When it came time to pursue Half-Blood Prince, Hooper realized it needed to be simpler. Originating from a piece of choir-and-drums orchestration for a scene that was was eventually cut, the score has a somber tone with a richness unparalleled in the franchise. He deploys the drums heavily (though low in the mix, so more like a heartbeat), and as with Phoenix uses the strings to a greater extent than Williams or Doyle. This creates tension in the music: a sense of energy and destabilization as Voldemort makes his way towards taking control. This makes Half-Blood Prince the most modern-sounding of all the films and distinguishes that film and Phoenix from the rest of the franchise.
Alexandre Desplat was brought in to finish the series — initially for the first part of Deathly Hallows only, and then the second once it was confirmed John Williams could not return due to scheduling. What Desplat brings to the table is a classicism and delicacy unlike anyone else. He has long been known as a composer's composer, easily standing in the concert hall as well as the movie theater — a trait that unites him with Williams. His task with the final installments was something quite different from the rest. This is really a road movie turned end-of-the-world action thriller and his work exudes an empathy for the revolutionaries' forward motion.
As with every iteration, new themes were composed. Especially important in these final stages is Lily's theme, which grounds Harry in his parents' sacrifice. Desplat continued as well, deconstructing Hedwig's Theme in way that unites its childish idealism with the broken pieces along the way. "[W]e wanted it to feel like it was all getting a bit distressed.
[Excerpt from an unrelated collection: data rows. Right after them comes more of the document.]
lemma eigenvector_decomposition_in_invariant_subspace:
  assumes W: "V.subspace W" and inv: "\<And>y. y \<in> W \<Longrightarrow> br b y \<in> W" and xW: "x \<in> W"
    and xs: "x \<in> V.span (\<Union>c. {y. br b y = smul c y})"
  shows "x \<in> V.span (\<Union>c. W \<inter> {y. br b y = smul c y})"
proof -
  obtain t r where t: "finite t" "t \<subseteq> (\<Union>c. {y. br b y = smul c y})"
    and x: "x = (\<Sum>a\<in>t. smul (r a) a)"
    using xs unfolding V.span_explicit by blast
  define ev where "ev a = (SOME c. br b a = smul c a)" for a
  have ev: "br b a = smul (ev a) a" if "a \<in> t" for a
  proof -
    have "\<exists>c. br b a = smul c a" using t that by blast
    then show ?thesis unfolding ev_def by (rule someI_ex)
  qed
  define w where "w c = (\<Sum>a\<in>{a. a \<in> t \<and> ev a = c}. smul (r a) a)" for c
  have x_sum: "x = sum w (ev ` t)" unfolding x w_def by (rule sum.image_gen[OF t(1)])
  have w_eigen: "\<forall>c\<in>ev ` t. br b (w c) = smul c (w c)"
    by (auto simp: w_def br_sum_right V.scale_sum_right br_smul_right ev V.scale_left_commute
        intro!: sum.cong)
  have "\<forall>c\<in>ev ` t. w c \<in> W"
    using eigenvectors_in_invariant_subspace[OF W inv, of "ev ` t" w] t(1) w_eigen xW x_sum by simp
  then have "\<forall>c\<in>ev ` t. w c \<in> V.span (\<Union>c. W \<inter> {y. br b y = smul c y})"
    using w_eigen by (blast intro: V.span_base)
  then show ?thesis unfolding x_sum by (blast intro: V.span_sum)
qed

lemma span_joint_eigenspaces:
  assumes "finite C" "C \<subseteq> H" shows "V.span (\<Union>\<chi>. joint_eigenspace C \<chi>) = UNIV"
  using assms
proof (induction C rule: finite_induct)
  case empty
  then show ?case by (simp add: joint_eigenspace_def)
next
  case (insert b C)
  have bH: "b \<in> H" using insert by simp
  have "x \<in> V.span (\<Union>\<chi>. joint_eigenspace (insert b C) \<chi>)" if x: "x \<in> joint_eigenspace C \<chi>" for x \<chi>
  proof -
    have inv: "br b y \<in> joint_eigenspace C \<chi>" if "y \<in> joint_eigenspace C \<chi>" for y
      using that insert(4) H_abelian bH
      by (auto simp: joint_eigenspace_def br_derivation[of _ b y] br_smul_right)
    have "x \<in> V.span (\<Union>c. joint_eigenspace C \<chi> \<inter> {y. br b y = smul c y})"
      using eigenvector_decomposition_in_invariant_subspace[OF subspace_joint_eigenspace inv x]
        span_eigenvectors_ad bH by simp
    moreover have "(\<Union>c. joint_eigenspace C \<chi> \<inter> {y. br b y = smul c y})
        \<subseteq> (\<Union>\<chi>. joint_eigenspace (insert b C) \<chi>)"
    proof clarify
      fix y c assume "y \<in> joint_eigenspace C \<chi>" "br b y = smul c y"
      then have "y \<in> joint_eigenspace (insert b C) (\<chi>(b := c))"
        using insert(2) by (auto simp: joint_eigenspace_def)
      then show "y \<in> (\<Union>\<chi>. joint_eigenspace (insert b C) \<chi>)" by blast
    qed
    ultimately show ?thesis using V.span_mono by blast
  qed
  then have "V.span (\<Union>\<chi>. joint_eigenspace C \<chi>) \<subseteq> V.span (\<Union>\<chi>. joint_eigenspace (insert b C) \<chi>)"
    by (intro V.span_minimal) (auto simp: V.subspace_span)
  then show ?case using insert by auto
qed

lemma zero_in_Hdual: "(\<lambda>_. 0) \<in> Hdual smul H"
  unfolding Hdual_def by simp

lemma Hdual_linear: "\<alpha> \<in> Hdual smul H \<Longrightarrow> x \<in> H \<Longrightarrow> y \<in> H \<Longrightarrow> \<alpha> (smul a x + y) = a * \<alpha> x + \<alpha> y"
  and Hdual_outside: "\<alpha> \<in> Hdual smul H \<Longrightarrow> x \<notin> H \<Longrightarrow> \<alpha> x = 0"
  unfolding Hdual_def by blast+

lemma Hdual_smul: "\<alpha> \<in> Hdual smul H \<Longrightarrow> x \<in> H \<Longrightarrow> \<alpha> (smul a x) = a * \<alpha> x"
  using Hdual_linear[of \<alpha> x 0 a] Hdual_linear[of \<alpha> 0 0 1] H_zero by simp

lemma Hdual_uminus_arg: "\<alpha> \<in> Hdual smul H \<Longrightarrow> x \<in> H \<Longrightarrow> \<alpha> (- x) = - \<alpha> x"
  using Hdual_smul[of \<alpha> x "-1"] by (simp add: V.scale_minus_left[of 1, simplified])

lemma Hdual_combination:
  "\<alpha> \<in> Hdual smul H \<Longrightarrow> \<beta> \<in> Hdual smul H \<Longrightarrow> (\<lambda>x. a * \<alpha> x + b * \<beta> x) \<in> Hdual smul H"
  unfolding Hdual_def by (auto simp: algebra_simps)

lemma joint_eigenvector_in_root_space:
  assumes C: "V.span C = H" and x: "x \<in> joint_eigenspace C \<chi>" "x \<noteq> 0"
  obtains \<alpha> where "\<alpha> \<in> Hdual smul H" "x \<in> G \<alpha>"
proof -
  have "V.subspace {h. \<exists>c. br h x = smul c x}"
    by (rule V.subspaceI) (auto simp: br_add_left br_smul_left V.scale_left_distrib
        intro: exI[of _ 0] exI[of _ "_ + _"] exI[of _ "_ * _"])
  moreover have "C \<subseteq> {h. \<exists>c. br h x = smul c x}"
    using x(1) by (auto simp: joint_eigenspace_def)
  ultimately have HS: "H \<subseteq> {h. \<exists>c. br h x = smul c x}" using V.span_minimal C by blast
  define \<alpha> where "\<alpha> h = (if h \<in> H then (THE c. br h x = smul c x) else 0)" for h
  have \<alpha>: "br h x = smul (\<alpha> h) x" if h: "h \<in> H" for h
  proof -
    obtain c where c: "br h x = smul c x" using HS h by blast
    then have "\<alpha> h = c" using h smul_right_cancel[OF _ x(2)] by (auto simp: \<alpha>_def)
    then show ?thesis using c by simp
  qed
  have "\<alpha> \<in> Hdual smul H"
    unfolding Hdual_def
  proof (intro CollectI conjI allI impI)
    fix a h1 h2 assume h: "h1 \<in> H" "h2 \<in> H"
    then have "smul (\<alpha> (smul a h1 + h2)) x = smul (a * \<alpha> h1 + \<alpha> h2) x"
      using \<alpha>[of h1] \<alpha>[of h2] \<alpha>[of "smul a h1 + h2"] H_add H_smul
      by (simp add: br_left_linear V.scale_left_distrib)
    then show "\<alpha> (smul a h1 + h2) = a * \<alpha> h1 + \<alpha> h2" using smul_right_cancel x(2) by blast
  qed (simp add: \<alpha>_def)
  moreover have "x \<in> G \<alpha>" using \<alpha> by (simp add: root_space_iff)
  ultimately show ?thesis by (rule that)
qed

lemma span_root_spaces: "V.span (\<Union>\<alpha>\<in>Hdual smul H. G \<alpha>) = UNIV"
proof -
  obtain C where C: "finite C" "C \<subseteq> H" "V.span C = H" using finite_basis_H by blast
  have "joint_eigenspace C \<chi> \<subseteq> (\<Union>\<alpha>\<in>Hdual smul H. G \<alpha>)" for \<chi>
  proof
    fix x assume x: "x \<in> joint_eigenspace C \<chi>"
    show "x \<in> (\<Union>\<alpha>\<in>Hdual smul H. G \<alpha>)"
    proof (cases "x = 0")
      case True
      then show ?thesis using zero_in_Hdual V.subspace_0[OF subspace_root_space] by blast
    next
      case False
      then show ?thesis using joint_eigenvector_in_root_space[OF C(3) x] by blast
    qed
  qed
  then have "V.span (\<Union>\<chi>. joint_eigenspace C \<chi>) \<subseteq> V.span (\<Union>\<alpha>\<in>Hdual smul H. G \<alpha>)"
    by (intro V.span_mono) blast
  then show ?thesis using span_joint_eigenspaces[OF C(1,2)] by auto
qed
We wanted to sort of [mess] it up a bit," is how director David Yates described the use of the theme in an interview with Harry Potter Fan Zone. "Anything that felt like we were being nostalgic or in a way reflective of the past. That's when we used it."
It's difficult to say what the final film would have become if John Williams would have returned, but the musical seeds he planted left plenty of room for the franchise to grow from childish ideals into revolution.
And now we have Fantastic Beasts and Where to Find Them, with a score by a composer who never wrote any music for Harry Potter: James Newton Howard. Coming off of franchises like The Hunger Games and Christopher Nolan's Batman trilogy, it would be easy to assume what his approach to the sound would be. However, Howard has proven himself quite flexible and in fact has composed a score most closely resembling what he did with Peter Jackson's take on King Kong in 2005.
He makes his way back to an American nostalgia for the roaring twenties. There's a significant amount of jazz and compositional turns more epic than we have heard before. There's also a certain lightness afoot, balanced by big brass and electronically-processed percussive arrangements that uniquely define Howard's sound.
Amidst everything, though, there is still a lineage, as Hedwig's Theme is not lost: it's woven in to the score, and is heard at the movie's very beginning. This is very much a continuation of the musical ideas of the past, with an awareness that the new film is a prequel to the Harry Potter saga. It's a time of becoming, a time before the true danger makes itself known, as many fear what they do not understand.